ACTIVITY
The response must consist of the lines below from the one with "r * l \<and>" through the one with "the kernel is", exactly as they appear and with both ends kept.
*** Opening of DATA FOR THIS TASK ***
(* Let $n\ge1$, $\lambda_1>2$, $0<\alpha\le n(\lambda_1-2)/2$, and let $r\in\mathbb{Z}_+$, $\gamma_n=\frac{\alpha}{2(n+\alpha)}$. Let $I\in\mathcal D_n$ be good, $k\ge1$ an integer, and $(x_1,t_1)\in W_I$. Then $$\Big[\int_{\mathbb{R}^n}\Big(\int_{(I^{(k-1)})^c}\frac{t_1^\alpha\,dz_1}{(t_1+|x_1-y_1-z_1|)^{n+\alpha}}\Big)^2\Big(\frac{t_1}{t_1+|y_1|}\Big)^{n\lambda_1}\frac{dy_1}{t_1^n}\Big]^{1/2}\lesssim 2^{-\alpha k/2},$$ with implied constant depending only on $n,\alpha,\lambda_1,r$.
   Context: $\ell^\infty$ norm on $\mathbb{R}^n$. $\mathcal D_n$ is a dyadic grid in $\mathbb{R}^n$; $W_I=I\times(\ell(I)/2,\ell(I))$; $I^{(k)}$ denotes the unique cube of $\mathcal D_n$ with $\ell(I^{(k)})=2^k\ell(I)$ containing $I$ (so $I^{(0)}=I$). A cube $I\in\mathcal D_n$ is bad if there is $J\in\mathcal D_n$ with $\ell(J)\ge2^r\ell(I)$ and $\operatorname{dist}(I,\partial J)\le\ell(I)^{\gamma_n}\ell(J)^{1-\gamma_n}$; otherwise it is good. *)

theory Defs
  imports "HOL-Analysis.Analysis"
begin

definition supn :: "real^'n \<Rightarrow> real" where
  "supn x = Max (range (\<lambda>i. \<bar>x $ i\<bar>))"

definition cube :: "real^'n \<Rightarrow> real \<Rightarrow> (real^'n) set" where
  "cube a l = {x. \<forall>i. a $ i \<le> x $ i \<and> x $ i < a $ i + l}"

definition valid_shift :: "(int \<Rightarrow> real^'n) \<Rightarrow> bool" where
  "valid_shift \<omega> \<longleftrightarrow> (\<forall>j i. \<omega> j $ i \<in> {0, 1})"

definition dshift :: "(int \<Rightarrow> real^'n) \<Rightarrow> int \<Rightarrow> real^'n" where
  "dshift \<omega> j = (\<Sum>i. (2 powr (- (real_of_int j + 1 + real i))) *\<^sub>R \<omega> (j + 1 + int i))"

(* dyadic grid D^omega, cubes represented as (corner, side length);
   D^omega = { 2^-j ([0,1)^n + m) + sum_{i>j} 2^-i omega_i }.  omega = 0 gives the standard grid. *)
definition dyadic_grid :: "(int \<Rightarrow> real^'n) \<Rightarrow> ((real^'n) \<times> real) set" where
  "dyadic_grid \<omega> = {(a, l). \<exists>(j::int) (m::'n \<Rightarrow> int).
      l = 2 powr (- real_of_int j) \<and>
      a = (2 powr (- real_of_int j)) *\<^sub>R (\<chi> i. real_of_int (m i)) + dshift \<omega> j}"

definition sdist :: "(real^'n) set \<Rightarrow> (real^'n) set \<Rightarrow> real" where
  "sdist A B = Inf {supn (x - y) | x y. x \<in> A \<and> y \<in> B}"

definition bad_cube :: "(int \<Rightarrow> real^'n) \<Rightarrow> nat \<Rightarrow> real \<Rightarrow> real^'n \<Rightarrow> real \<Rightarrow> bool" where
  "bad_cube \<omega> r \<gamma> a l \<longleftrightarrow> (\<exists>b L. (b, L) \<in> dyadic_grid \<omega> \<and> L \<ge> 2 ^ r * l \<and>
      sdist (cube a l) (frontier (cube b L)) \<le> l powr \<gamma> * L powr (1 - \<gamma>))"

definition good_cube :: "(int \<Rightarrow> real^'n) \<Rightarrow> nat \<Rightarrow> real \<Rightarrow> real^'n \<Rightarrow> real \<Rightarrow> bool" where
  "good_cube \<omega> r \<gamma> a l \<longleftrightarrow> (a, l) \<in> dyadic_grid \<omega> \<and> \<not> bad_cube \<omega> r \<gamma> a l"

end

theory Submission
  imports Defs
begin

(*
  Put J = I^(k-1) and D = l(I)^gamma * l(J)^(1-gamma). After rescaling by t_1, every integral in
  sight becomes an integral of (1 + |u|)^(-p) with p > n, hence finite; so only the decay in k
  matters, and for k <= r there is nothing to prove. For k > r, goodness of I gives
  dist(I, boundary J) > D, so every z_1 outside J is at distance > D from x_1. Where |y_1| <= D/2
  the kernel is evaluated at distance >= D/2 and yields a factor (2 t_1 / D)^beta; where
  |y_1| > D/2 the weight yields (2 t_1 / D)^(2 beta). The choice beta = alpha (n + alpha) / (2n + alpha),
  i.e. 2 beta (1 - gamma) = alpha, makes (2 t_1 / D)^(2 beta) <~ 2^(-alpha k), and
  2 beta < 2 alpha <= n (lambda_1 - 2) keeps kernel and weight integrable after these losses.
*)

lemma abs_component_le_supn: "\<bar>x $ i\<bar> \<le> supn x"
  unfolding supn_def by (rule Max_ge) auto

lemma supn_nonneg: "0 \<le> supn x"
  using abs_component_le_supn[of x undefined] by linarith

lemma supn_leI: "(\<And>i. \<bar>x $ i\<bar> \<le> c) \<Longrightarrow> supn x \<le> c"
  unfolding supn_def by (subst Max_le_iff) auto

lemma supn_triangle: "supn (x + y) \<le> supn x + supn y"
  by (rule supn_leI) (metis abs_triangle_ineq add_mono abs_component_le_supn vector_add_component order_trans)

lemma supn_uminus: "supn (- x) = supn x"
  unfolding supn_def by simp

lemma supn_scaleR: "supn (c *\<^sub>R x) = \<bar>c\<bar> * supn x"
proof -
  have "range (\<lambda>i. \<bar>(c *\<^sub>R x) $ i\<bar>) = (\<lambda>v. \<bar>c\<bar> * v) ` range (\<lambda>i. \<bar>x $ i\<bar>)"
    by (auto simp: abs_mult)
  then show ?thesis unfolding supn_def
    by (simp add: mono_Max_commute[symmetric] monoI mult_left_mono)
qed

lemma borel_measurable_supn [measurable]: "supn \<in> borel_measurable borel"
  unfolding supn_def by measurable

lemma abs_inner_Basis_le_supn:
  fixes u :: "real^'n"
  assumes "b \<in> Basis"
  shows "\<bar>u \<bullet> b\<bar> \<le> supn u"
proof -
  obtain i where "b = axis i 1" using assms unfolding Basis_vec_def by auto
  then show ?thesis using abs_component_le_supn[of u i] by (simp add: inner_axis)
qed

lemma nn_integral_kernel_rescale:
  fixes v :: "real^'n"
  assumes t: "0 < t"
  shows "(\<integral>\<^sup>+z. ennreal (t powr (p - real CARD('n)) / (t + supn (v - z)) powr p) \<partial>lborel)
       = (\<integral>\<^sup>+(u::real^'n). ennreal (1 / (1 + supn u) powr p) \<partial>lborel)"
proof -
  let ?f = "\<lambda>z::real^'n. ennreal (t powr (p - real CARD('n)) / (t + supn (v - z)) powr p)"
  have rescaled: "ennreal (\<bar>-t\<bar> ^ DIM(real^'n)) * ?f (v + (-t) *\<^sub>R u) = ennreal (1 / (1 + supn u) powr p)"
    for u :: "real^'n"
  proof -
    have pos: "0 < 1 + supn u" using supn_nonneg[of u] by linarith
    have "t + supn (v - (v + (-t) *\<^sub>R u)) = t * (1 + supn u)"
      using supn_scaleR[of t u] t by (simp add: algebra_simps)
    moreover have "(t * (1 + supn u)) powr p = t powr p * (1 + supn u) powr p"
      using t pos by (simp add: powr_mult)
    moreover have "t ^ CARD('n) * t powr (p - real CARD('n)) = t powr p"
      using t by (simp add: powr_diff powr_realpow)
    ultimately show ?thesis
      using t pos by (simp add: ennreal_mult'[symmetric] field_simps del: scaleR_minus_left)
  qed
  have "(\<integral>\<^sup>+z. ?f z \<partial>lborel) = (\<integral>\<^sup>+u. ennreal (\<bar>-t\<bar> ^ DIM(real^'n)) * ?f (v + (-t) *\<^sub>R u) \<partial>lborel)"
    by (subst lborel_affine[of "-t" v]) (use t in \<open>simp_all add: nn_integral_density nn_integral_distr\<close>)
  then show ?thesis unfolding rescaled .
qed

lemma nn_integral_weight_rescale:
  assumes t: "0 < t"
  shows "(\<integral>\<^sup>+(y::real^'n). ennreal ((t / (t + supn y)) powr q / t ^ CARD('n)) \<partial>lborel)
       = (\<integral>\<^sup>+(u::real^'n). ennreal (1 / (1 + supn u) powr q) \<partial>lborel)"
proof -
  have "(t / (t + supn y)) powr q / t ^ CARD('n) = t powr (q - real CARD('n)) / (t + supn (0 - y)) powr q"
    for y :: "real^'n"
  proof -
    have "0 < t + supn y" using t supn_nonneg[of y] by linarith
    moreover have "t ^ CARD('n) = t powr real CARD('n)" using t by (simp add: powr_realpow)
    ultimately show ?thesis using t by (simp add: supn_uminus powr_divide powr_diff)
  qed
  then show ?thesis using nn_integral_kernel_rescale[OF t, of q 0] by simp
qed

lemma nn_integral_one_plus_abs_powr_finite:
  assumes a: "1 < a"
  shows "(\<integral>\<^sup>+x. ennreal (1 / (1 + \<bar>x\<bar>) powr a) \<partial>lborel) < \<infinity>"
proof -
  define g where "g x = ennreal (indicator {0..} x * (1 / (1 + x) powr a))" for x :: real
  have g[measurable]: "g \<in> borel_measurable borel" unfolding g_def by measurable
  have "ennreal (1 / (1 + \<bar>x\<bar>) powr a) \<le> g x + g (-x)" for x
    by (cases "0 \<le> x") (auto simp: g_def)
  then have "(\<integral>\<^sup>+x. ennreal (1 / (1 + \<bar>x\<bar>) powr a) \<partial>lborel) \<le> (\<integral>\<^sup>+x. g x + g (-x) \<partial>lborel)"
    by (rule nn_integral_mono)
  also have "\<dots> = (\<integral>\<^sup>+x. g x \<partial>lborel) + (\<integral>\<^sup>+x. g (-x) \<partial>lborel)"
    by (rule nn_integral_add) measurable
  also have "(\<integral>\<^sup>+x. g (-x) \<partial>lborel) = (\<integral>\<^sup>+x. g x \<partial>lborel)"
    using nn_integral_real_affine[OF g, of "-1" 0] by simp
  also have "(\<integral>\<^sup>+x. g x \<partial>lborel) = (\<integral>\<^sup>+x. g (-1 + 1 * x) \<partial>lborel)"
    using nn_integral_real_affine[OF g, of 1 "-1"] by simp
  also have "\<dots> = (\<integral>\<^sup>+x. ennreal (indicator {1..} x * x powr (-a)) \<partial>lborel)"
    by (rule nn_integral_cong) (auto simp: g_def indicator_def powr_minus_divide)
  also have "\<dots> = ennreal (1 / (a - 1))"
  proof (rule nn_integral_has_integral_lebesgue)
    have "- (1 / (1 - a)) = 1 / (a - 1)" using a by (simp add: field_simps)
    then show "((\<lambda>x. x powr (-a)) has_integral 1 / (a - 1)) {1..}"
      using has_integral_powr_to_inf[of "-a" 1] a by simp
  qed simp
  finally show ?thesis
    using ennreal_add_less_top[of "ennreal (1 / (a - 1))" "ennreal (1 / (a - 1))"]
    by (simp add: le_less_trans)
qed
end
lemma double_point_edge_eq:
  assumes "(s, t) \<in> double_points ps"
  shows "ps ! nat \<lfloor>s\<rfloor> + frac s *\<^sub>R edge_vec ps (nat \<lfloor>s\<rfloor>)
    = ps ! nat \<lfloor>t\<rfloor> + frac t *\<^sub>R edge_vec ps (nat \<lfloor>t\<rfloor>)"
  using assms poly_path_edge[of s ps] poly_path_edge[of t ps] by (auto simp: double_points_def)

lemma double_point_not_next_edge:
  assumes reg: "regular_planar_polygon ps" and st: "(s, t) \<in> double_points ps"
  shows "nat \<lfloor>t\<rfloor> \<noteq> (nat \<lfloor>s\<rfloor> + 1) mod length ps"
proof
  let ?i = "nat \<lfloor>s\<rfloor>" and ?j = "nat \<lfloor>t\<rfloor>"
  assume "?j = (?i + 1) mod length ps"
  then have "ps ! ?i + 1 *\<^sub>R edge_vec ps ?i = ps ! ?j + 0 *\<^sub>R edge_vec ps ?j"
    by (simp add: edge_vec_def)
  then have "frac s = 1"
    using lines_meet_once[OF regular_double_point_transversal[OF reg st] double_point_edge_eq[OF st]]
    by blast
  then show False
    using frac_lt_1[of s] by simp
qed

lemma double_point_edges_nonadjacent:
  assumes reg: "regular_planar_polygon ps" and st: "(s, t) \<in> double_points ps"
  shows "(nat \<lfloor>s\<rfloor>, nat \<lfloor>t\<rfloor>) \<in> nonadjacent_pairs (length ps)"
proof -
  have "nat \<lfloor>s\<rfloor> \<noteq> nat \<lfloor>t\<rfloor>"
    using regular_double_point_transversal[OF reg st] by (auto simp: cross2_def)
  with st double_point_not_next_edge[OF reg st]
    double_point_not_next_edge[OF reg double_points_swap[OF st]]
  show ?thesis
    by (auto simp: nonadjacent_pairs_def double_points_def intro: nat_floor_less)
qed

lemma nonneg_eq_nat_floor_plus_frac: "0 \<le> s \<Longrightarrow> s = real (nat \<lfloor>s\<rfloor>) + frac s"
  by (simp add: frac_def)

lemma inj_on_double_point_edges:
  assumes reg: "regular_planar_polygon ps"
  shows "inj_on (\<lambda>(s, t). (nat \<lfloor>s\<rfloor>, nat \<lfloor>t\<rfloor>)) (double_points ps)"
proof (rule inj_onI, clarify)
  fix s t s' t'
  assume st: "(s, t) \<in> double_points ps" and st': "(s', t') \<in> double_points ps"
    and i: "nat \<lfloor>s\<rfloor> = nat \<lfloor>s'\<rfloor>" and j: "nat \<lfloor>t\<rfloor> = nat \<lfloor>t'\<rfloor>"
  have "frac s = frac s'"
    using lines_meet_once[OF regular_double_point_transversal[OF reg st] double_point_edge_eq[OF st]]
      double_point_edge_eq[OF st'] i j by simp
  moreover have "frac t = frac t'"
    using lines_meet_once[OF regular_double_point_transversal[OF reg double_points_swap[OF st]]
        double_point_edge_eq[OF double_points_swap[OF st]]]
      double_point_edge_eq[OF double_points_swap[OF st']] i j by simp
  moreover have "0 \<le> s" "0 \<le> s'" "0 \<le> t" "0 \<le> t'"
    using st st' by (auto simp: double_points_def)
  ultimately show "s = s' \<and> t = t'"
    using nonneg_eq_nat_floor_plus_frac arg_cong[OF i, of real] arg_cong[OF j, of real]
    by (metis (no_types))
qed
*** Close of DATA FOR THIS TASK ***
REPLY TO THE TASK
  "bad_cube \<omega> r \<gamma> a l \<longleftrightarrow> (\<exists>b L. (b, L) \<in> dyadic_grid \<omega> \<and> L \<ge> 2 ^ r * l \<and>
      sdist (cube a l) (frontier (cube b L)) \<le> l powr \<gamma> * L powr (1 - \<gamma>))"

definition good_cube :: "(int \<Rightarrow> real^'n) \<Rightarrow> nat \<Rightarrow> real \<Rightarrow> real^'n \<Rightarrow> real \<Rightarrow> bool" where
  "good_cube \<omega> r \<gamma> a l \<longleftrightarrow> (a, l) \<in> dyadic_grid \<omega> \<and> \<not> bad_cube \<omega> r \<gamma> a l"

end

theory Submission
  imports Defs
begin

(*
  Put J = I^(k-1) and D = l(I)^gamma * l(J)^(1-gamma). After rescaling by t_1, every integral in
  sight becomes an integral of (1 + |u|)^(-p) with p > n, hence finite; so only the decay in k
  matters, and for k <= r there is nothing to prove. For k > r, goodness of I gives
  dist(I, boundary J) > D, so every z_1 outside J is at distance > D from x_1. Where |y_1| <= D/2
  the kernel is evaluated at distance >= D/2 and yields a factor (2 t_1 / D)^beta; where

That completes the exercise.